Locate all lines in the data below that hold "Cross" and show them.

• [Supplied data]:
-- Opening Marker --
(* Let $G$ be a finite simple graph with edge weight function $w$ and vertex weight function $w_1$, let $u\in V(G)$ and let $\theta$ be a real number. Then $$\mathrm{mult}(\theta,G)-1\le \mathrm{mult}(\theta,G\setminus u)\le \mathrm{mult}(\theta,G)+1.$$
   Context: An edge weight function $w$ assigns a nonzero complex number to each edge; a vertex weight function $w_1$ assigns a real number (possibly $0$) to each vertex; subgraphs carry restricted weights; $G\setminus u$ deletes $u$ and its incident edges. For $A\subseteq E(G)$, $w(A)=\prod_{e\in A}w(e)$. $\mu_w(G,x)=\sum_{M}(-1)^{|M|}|w(M)|^2x^{n-2|M|}$ over all matchings $M$ (including empty). $\eta_{(w,w_1)}(G,x)=\sum_{S\subseteq V(G)}(-1)^{|V(G)\setminus S|}\big(\prod_{v\in V(G)\setminus S}w_1(v)\big)\mu_w(G[S],x)$ with $G[S]$ the induced subgraph; $\mu_w,\eta_{(w,w_1)}$ of the empty graph equal $1$. $\mathrm{mult}(\theta,H)$ is the multiplicity of $\theta$ as a root of $\eta_{(w,w_1)}(H,x)$ ($0$ if not a root). *)

theory Defs
  imports Complex_Main "HOL-Computational_Algebra.Polynomial"
begin

definition simple_graph :: "'a set \<Rightarrow> 'a set set \<Rightarrow> bool" where
  "simple_graph V E \<longleftrightarrow> finite V \<and> (\<forall>e\<in>E. e \<subseteq> V \<and> card e = 2)"

definition matching :: "'a set set \<Rightarrow> 'a set set \<Rightarrow> bool" where
  "matching E M \<longleftrightarrow> M \<subseteq> E \<and> (\<forall>e\<in>M. \<forall>f\<in>M. e \<noteq> f \<longrightarrow> e \<inter> f = {})"

definition induced_edges :: "'a set set \<Rightarrow> 'a set \<Rightarrow> 'a set set" where
  "induced_edges E S = {e\<in>E. e \<subseteq> S}"

definition delete_vertex_edges :: "'a set set \<Rightarrow> 'a \<Rightarrow> 'a set set" where
  "delete_vertex_edges E u = {e\<in>E. u \<notin> e}"

definition mu_poly :: "'a set \<Rightarrow> 'a set set \<Rightarrow> ('a set \<Rightarrow> complex) \<Rightarrow> real poly" where
  "mu_poly V E w = (\<Sum>M\<in>{M. matching E M}.
     smult ((-1) ^ card M * (\<Prod>e\<in>M. cmod (w e)) ^ 2) (monom 1 (card V - 2 * card M)))"

definition eta_poly :: "'a set \<Rightarrow> 'a set set \<Rightarrow> ('a set \<Rightarrow> complex) \<Rightarrow> ('a \<Rightarrow> real) \<Rightarrow> real poly" where
  "eta_poly V E w w1 = (\<Sum>S\<in>Pow V.
     smult ((-1) ^ card (V - S) * (\<Prod>v\<in>V - S. w1 v)) (mu_poly S (induced_edges E S) w))"

definition mult :: "real \<Rightarrow> 'a set \<Rightarrow> 'a set set \<Rightarrow> ('a set \<Rightarrow> complex) \<Rightarrow> ('a \<Rightarrow> real) \<Rightarrow> nat" where
  "mult \<theta> V E w w1 = order \<theta> (eta_poly V E w w1)"

end

theory Submission
  imports Defs
begin

text \<open>Expanding \<open>\<eta>\<close> along \<open>u\<close> gives the recurrence
  \<open>\<eta>(G) = (x - w1(u)) \<eta>(G - u) - (\<Sum>v adjacent to u. |w(uv)|^2 \<eta>(G - u - v))\<close>.
  The Wronskian \<open>W(G, u) = \<eta>(G - u) \<eta>(G)' - \<eta>(G) \<eta>(G - u)'\<close> inherits the recurrence
  \<open>W(G, u) = \<eta>(G - u)^2 + (\<Sum>v adjacent to u. |w(uv)|^2 W(G - u, v))\<close>, so by induction it is
  a nonnegative function. If \<open>\<theta>\<close> had multiplicity \<open>k\<close> in \<open>\<eta>(G - u)\<close> and at least \<open>k + 2\<close>
  in \<open>\<eta>(G)\<close>, then \<open>(x - \<theta>)^(2k+1)\<close> would divide \<open>W(G, u)\<close>, i.e. a square of exact order
  \<open>2k\<close> at \<open>\<theta>\<close> plus a nonnegative function, which is impossible. Conversely, this bound
  applied to the vertices \<open>v\<close> of \<open>G - u\<close> shows that \<open>(x - \<theta>)^(k-1)\<close> divides every term on
  the right of the recurrence, hence \<open>\<eta>(G)\<close>.\<close>

lemma smult_sum_right: "smult a (\<Sum>i\<in>S. f i) = (\<Sum>i\<in>S. smult a (f i))"
  by (induction S rule: infinite_finite_induct) (auto simp: smult_add_right)

lemma pderiv_sum: "pderiv (\<Sum>i\<in>S. f i) = (\<Sum>i\<in>S. pderiv (f i))"
  by (induction S rule: infinite_finite_induct) (auto simp: pderiv_add)

lemma power_dvd_pderiv:
  fixes q :: "'a::idom poly"
  assumes "p ^ n dvd q"
  shows "p ^ (n - 1) dvd pderiv q"
proof -
  obtain h where h: "q = p ^ n * h" using assms by (rule dvdE)
  have "p ^ (n - 1) dvd pderiv (p ^ n)"
  proof (cases n)
    case (Suc m)
    then show ?thesis by (simp add: pderiv_power_Suc dvd_smult del: power_Suc)
  qed simp
  moreover have "p ^ (n - 1) dvd p ^ n" by (rule le_imp_power_dvd) simp
  ultimately show ?thesis unfolding h pderiv_mult by simp
qed

lemma not_power_dvd_square_plus_nonneg:
  fixes f R :: "real poly"
  assumes "f \<noteq> 0" and R: "\<And>x. poly R x \<ge> 0"
  shows "\<not> [:-t,1:] ^ (2 * order t f + 1) dvd f^2 + R"
proof
  define p where "p = [:-t,1:]"
  define k where "k = order t f"
  obtain f1 where f: "f = p ^ k * f1" and "\<not> p dvd f1"
    using order_decomp[OF assms(1), of t] by (auto simp: k_def p_def)
  then have f1: "poly f1 t \<noteq> 0" by (simp add: poly_eq_0_iff_dvd p_def)
  assume "[:-t,1:] ^ (2 * order t f + 1) dvd f^2 + R"
  then obtain h where h: "f^2 + R = p ^ (2*k+1) * h" unfolding k_def p_def by (rule dvdE)
  \<comment> \<open>\<open>F = R / p^(2k)\<close> is nonnegative away from \<open>t\<close>, yet \<open>F(t) = -f1(t)^2 < 0\<close>.\<close>
  define F where "F = p * h - f1^2"
  have "R = p ^ (2*k+1) * h - f^2" using h by (simp add: algebra_simps)
  also have "\<dots> = p^(2*k) * F" unfolding F_def f
    by (simp add: algebra_simps power_add power_mult[symmetric] mult.commute[of 2 k])
  finally have RF: "R = p^(2*k) * F" .
  have "poly F x \<ge> 0" if "x \<noteq> t" for x
  proof -
    have "poly (p^(2*k)) x > 0" using that by (simp add: p_def power_mult)
    then show ?thesis using R[of x] unfolding RF by (simp add: zero_le_mult_iff)
  qed
  then have nonneg_near: "eventually (\<lambda>x. poly F x \<ge> 0) (at t)"
    by (auto simp: eventually_at_filter intro: always_eventually)
  have "(poly F \<longlongrightarrow> poly F t) (at t)"
    using poly_isCont[where p=F and x=t] by (simp add: isCont_def)
  then have "poly F t \<ge> 0"
    using tendsto_lowerbound[OF _ nonneg_near] by simp
  moreover have "poly F t < 0" using f1 by (simp add: F_def p_def)
  ultimately show False by simp
qed
lemma gap_odd_path:
  assumes "i < n" "j < n" "i \<noteq> j" "k\<^sub>1 < n" "k\<^sub>2 < n" "k\<^sub>3 < n"
  shows "odd_st_path (gap_E n) gap_ends 0 1 [0, 2*i+2, 2*i+3, 2*j+3, 2*j+2, 1]
           (map to_nat [Source_Edge i k\<^sub>1, Rung i, Cross i j k\<^sub>3, Rung j, Sink_Edge j k\<^sub>2])"
proof -
  have "\<forall>m<5. gap_ends (map to_nat [Source_Edge i k\<^sub>1, Rung i, Cross i j k\<^sub>3, Rung j, Sink_Edge j k\<^sub>2] ! m)
      = {[0, 2*i+2, 2*i+3, 2*j+3, 2*j+2, 1] ! m, [0, 2*i+2, 2*i+3, 2*j+3, 2*j+2, 1] ! Suc m}"
    by (auto simp: less_Suc_eq numeral_eq_Suc insert_commute)
  then show ?thesis
    using assms unfolding odd_st_path_def st_path_def by simp
qed

definition half_on_rungs :: "nat \<Rightarrow> nat \<Rightarrow> real" where
  "half_on_rungs n e = (if e \<in> to_nat ` Rung ` {..<n} then 1/2 else 0)"

lemma gap_half_on_rungs_feasible: "lp_feasible (gap_E n) gap_ends 0 1 (half_on_rungs n)"
  unfolding lp_feasible_def
proof (intro conjI allI impI ballI)
  fix vs es assume "odd_st_path (gap_E n) gap_ends 0 1 vs es"
  then obtain i j where ij: "i < n" "j < n" "i \<noteq> j" "to_nat (Rung i) \<in> set es" "to_nat (Rung j) \<in> set es"
    using gap_odd_path_two_rungs by blast
  have "1 = (\<Sum>e\<in>{to_nat (Rung i), to_nat (Rung j)}. half_on_rungs n e)"
    using ij by (simp add: half_on_rungs_def)
  also have "\<dots> \<le> (\<Sum>e\<in>set es. half_on_rungs n e)"
    using ij by (intro sum_mono2) (auto simp: half_on_rungs_def)
  finally show "1 \<le> (\<Sum>e\<in>set es. half_on_rungs n e)" .
qed (simp add: half_on_rungs_def)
-- Closing Marker --
• [Result of the task]:
           (map to_nat [Source_Edge i k\<^sub>1, Rung i, Cross i j k\<^sub>3, Rung j, Sink_Edge j k\<^sub>2])"
  have "\<forall>m<5. gap_ends (map to_nat [Source_Edge i k\<^sub>1, Rung i, Cross i j k\<^sub>3, Rung j, Sink_Edge j k\<^sub>2] ! m)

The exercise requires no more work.